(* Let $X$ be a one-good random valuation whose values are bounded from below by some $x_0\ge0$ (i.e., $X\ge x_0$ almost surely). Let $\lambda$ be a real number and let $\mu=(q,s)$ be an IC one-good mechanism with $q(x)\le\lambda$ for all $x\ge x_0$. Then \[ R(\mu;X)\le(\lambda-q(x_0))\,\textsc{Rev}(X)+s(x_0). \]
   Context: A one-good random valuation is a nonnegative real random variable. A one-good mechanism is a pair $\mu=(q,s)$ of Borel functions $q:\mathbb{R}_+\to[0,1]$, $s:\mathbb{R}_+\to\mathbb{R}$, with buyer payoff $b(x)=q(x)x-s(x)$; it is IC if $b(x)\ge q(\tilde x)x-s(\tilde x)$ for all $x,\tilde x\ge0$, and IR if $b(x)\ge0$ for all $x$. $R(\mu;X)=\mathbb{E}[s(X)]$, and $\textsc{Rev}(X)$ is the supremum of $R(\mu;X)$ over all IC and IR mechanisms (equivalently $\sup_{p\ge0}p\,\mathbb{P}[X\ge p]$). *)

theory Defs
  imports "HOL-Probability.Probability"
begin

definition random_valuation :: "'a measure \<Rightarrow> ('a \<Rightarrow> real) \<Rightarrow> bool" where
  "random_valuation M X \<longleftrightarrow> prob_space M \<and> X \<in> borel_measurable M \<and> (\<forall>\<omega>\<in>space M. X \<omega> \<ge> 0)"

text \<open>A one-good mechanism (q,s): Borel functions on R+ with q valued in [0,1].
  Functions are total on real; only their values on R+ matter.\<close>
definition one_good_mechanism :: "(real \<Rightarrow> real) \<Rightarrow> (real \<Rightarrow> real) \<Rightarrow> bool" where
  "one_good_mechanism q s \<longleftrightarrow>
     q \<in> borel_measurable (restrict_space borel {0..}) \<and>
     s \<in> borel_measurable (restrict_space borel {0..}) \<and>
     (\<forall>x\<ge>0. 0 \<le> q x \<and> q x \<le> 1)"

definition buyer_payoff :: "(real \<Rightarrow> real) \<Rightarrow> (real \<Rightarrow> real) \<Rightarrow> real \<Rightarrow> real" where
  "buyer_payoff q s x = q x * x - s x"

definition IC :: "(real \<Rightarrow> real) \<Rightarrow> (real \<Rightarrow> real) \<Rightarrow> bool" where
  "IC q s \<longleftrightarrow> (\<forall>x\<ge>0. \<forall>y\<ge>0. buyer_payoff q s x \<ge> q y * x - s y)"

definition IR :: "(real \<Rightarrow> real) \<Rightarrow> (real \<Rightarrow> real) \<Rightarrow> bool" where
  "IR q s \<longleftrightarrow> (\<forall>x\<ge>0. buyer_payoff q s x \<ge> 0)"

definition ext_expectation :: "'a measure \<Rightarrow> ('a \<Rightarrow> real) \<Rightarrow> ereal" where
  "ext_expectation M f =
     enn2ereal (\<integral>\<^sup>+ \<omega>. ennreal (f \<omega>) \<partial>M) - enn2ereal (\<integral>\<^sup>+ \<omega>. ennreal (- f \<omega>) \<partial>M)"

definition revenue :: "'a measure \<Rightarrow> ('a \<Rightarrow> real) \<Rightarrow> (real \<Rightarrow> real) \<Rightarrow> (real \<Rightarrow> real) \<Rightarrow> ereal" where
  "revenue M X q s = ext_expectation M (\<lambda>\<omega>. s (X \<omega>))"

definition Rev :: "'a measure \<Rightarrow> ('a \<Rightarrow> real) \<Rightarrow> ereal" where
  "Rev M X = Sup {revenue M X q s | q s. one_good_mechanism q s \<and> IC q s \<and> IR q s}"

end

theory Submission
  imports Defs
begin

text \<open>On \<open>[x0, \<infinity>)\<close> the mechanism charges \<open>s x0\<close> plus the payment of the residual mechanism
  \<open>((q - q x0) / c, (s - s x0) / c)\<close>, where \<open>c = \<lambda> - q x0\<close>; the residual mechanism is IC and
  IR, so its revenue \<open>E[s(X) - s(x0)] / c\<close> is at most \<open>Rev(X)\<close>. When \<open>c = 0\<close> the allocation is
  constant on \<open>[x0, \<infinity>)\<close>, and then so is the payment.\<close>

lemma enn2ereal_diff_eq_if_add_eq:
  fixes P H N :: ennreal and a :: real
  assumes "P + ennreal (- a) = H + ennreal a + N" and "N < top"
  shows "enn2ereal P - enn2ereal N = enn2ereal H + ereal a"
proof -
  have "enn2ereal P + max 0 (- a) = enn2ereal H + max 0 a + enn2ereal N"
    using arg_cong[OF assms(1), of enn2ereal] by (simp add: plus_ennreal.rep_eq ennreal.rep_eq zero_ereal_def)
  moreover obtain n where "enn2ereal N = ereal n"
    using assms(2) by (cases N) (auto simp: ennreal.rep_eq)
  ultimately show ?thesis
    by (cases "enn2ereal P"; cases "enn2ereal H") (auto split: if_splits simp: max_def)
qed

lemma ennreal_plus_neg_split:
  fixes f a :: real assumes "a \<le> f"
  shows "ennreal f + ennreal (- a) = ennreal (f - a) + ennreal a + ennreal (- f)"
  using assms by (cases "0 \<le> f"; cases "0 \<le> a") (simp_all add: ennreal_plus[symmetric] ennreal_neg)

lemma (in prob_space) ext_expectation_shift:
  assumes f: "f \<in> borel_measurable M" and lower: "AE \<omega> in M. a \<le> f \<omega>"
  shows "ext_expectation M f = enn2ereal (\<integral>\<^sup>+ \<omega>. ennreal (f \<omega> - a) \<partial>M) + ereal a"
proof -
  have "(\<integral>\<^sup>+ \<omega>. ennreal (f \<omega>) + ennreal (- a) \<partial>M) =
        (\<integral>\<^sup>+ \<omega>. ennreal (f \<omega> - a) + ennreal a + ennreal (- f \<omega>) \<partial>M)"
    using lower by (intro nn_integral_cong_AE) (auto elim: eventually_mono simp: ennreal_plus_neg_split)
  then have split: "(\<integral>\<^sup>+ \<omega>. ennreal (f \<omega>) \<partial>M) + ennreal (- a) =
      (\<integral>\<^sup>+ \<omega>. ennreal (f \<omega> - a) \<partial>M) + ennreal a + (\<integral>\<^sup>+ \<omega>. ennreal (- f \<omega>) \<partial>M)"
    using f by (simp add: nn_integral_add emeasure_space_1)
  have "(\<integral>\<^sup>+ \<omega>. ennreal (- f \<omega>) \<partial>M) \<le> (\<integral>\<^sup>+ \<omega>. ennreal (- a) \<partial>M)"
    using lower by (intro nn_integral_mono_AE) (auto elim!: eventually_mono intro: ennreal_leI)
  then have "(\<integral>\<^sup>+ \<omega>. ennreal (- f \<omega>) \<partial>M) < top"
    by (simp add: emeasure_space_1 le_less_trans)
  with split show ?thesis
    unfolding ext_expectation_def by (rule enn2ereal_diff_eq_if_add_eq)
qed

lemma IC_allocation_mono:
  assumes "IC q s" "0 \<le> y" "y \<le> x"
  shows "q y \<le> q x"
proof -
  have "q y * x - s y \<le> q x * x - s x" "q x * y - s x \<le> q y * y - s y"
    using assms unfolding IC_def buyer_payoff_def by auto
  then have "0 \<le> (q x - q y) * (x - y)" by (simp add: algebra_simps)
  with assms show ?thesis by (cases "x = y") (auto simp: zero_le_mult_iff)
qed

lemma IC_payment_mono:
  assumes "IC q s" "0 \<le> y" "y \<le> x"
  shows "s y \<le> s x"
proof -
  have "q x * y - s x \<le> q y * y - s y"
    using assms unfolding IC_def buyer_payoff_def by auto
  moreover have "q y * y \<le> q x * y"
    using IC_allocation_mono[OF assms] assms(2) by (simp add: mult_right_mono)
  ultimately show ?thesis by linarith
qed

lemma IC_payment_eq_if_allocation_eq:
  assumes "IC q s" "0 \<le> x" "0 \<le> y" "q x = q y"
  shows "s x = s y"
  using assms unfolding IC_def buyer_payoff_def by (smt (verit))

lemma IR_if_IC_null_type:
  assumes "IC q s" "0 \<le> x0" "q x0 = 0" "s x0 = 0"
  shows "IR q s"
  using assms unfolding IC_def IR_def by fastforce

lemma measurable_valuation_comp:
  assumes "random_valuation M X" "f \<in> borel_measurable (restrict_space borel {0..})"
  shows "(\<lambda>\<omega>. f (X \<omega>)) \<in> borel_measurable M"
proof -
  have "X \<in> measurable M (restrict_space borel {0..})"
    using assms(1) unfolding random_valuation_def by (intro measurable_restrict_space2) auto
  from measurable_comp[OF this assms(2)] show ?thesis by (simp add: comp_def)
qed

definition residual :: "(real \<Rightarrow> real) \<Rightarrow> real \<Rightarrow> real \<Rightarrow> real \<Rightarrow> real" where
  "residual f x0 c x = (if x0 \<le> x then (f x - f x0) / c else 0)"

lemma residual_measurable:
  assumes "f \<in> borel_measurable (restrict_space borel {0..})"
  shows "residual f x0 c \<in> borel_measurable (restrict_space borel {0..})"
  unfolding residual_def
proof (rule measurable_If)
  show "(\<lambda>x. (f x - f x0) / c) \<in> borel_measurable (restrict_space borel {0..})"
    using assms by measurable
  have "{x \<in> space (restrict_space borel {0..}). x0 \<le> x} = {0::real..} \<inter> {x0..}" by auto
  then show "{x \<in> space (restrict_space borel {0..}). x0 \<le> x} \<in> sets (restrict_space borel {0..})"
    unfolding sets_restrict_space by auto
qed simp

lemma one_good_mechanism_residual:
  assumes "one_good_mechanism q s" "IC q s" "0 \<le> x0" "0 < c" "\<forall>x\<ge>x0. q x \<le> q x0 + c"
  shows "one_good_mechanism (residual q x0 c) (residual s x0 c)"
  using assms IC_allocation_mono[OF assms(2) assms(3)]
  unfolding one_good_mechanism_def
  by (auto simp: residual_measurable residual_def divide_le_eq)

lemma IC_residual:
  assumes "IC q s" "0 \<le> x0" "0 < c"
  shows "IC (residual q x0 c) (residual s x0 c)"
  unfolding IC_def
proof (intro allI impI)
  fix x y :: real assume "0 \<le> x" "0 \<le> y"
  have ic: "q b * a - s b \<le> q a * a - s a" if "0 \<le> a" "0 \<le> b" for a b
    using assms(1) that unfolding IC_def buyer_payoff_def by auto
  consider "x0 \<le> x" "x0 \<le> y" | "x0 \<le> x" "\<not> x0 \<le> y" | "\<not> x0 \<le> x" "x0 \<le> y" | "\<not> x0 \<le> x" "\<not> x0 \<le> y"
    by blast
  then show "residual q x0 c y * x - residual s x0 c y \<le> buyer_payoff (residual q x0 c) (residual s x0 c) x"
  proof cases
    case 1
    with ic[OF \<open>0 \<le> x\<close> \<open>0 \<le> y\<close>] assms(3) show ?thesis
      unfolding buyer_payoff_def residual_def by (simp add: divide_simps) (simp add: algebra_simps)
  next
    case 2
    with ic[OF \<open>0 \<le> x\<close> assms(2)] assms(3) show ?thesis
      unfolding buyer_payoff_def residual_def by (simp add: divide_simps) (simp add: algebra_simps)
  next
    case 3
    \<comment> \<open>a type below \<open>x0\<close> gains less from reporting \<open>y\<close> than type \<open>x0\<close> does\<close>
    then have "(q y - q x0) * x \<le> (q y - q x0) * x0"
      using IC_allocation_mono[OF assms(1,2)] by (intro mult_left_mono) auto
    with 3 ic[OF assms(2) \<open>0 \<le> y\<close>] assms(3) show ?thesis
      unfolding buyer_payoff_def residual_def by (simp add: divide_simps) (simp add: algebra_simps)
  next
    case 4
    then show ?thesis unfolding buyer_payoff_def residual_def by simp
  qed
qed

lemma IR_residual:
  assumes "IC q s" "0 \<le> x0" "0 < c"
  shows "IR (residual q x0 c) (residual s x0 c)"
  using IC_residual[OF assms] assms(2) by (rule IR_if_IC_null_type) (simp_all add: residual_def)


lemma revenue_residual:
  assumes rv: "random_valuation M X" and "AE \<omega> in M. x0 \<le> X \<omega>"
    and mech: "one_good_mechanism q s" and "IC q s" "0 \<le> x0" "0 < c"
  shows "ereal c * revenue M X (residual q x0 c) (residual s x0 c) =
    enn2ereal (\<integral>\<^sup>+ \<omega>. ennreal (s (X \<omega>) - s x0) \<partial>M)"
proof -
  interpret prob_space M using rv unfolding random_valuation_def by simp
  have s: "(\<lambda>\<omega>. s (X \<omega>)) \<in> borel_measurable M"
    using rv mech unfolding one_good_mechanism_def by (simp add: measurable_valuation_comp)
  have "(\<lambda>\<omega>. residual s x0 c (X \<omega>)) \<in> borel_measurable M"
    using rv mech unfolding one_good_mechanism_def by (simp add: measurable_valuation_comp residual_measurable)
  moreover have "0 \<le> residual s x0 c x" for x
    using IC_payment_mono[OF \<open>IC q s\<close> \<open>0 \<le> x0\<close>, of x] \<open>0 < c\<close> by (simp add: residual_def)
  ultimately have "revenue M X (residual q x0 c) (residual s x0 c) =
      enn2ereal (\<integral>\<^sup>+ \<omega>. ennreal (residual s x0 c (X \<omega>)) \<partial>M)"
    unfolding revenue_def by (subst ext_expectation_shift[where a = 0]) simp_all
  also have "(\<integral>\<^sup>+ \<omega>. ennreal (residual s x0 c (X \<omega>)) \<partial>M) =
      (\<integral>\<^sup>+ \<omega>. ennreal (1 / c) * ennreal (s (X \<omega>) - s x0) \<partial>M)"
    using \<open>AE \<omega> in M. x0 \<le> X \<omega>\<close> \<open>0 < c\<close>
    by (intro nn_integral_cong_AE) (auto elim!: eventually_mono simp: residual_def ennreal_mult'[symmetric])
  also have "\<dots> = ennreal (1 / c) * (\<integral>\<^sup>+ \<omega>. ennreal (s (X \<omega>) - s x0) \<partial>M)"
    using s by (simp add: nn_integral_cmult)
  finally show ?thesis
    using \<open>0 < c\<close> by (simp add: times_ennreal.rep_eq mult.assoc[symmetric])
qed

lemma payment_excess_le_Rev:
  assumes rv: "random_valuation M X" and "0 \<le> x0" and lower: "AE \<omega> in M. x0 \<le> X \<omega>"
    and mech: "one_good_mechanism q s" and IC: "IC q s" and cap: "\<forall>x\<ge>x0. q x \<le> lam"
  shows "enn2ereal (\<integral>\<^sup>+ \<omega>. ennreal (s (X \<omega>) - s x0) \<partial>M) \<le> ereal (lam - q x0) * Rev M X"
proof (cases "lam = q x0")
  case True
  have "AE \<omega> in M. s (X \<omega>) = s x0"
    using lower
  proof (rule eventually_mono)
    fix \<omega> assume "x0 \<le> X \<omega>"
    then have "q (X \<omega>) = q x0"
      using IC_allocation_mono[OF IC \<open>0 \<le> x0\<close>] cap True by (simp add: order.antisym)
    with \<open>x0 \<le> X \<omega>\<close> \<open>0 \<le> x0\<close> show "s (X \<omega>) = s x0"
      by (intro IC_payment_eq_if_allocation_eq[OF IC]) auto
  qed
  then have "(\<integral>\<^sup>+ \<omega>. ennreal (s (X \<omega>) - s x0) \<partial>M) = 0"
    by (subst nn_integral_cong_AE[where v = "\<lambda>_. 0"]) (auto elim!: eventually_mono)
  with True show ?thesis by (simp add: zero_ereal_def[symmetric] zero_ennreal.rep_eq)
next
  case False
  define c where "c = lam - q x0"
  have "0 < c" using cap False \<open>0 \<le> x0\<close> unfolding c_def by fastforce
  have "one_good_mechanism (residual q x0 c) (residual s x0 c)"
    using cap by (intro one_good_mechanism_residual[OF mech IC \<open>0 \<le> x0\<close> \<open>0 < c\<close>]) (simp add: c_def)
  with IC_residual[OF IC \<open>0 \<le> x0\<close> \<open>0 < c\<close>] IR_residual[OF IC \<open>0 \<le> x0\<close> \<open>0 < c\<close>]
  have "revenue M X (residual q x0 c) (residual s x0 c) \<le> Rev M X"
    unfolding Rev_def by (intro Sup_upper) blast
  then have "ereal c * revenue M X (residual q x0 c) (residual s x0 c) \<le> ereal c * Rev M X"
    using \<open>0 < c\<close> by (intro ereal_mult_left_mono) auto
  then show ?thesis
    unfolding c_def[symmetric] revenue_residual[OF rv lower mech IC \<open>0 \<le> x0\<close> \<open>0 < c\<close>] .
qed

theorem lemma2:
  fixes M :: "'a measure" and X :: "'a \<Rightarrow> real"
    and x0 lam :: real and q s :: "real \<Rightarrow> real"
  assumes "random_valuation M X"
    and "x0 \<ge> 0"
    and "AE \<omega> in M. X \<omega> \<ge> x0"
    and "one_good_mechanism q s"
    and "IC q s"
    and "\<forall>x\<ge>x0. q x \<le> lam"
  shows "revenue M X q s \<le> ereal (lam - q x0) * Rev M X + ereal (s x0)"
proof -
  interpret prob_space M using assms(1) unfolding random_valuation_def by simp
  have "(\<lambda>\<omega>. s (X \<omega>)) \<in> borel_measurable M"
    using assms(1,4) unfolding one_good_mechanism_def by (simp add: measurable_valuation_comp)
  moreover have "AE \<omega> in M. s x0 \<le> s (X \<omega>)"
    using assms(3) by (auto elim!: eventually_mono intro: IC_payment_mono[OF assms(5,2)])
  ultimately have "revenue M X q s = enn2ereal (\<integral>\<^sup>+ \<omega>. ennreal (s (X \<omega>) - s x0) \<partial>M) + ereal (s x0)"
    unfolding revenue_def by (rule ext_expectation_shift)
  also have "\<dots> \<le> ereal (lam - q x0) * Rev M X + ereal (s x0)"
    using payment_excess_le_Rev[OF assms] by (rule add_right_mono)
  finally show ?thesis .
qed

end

━━━━━━

Exercise:
Copy every line above in which the string "symmetric" shows up.

Solution to this problem:
  using assms by (cases "0 \<le> f"; cases "0 \<le> a") (simp_all add: ennreal_plus[symmetric] ennreal_neg)
    by (intro nn_integral_cong_AE) (auto elim!: eventually_mono simp: residual_def ennreal_mult'[symmetric])
    using \<open>0 < c\<close> by (simp add: times_ennreal.rep_eq mult.assoc[symmetric])
  with True show ?thesis by (simp add: zero_ereal_def[symmetric] zero_ennreal.rep_eq)
    unfolding c_def[symmetric] revenue_residual[OF rv lower mech IC \<open>0 \<le> x0\<close> \<open>0 < c\<close>] .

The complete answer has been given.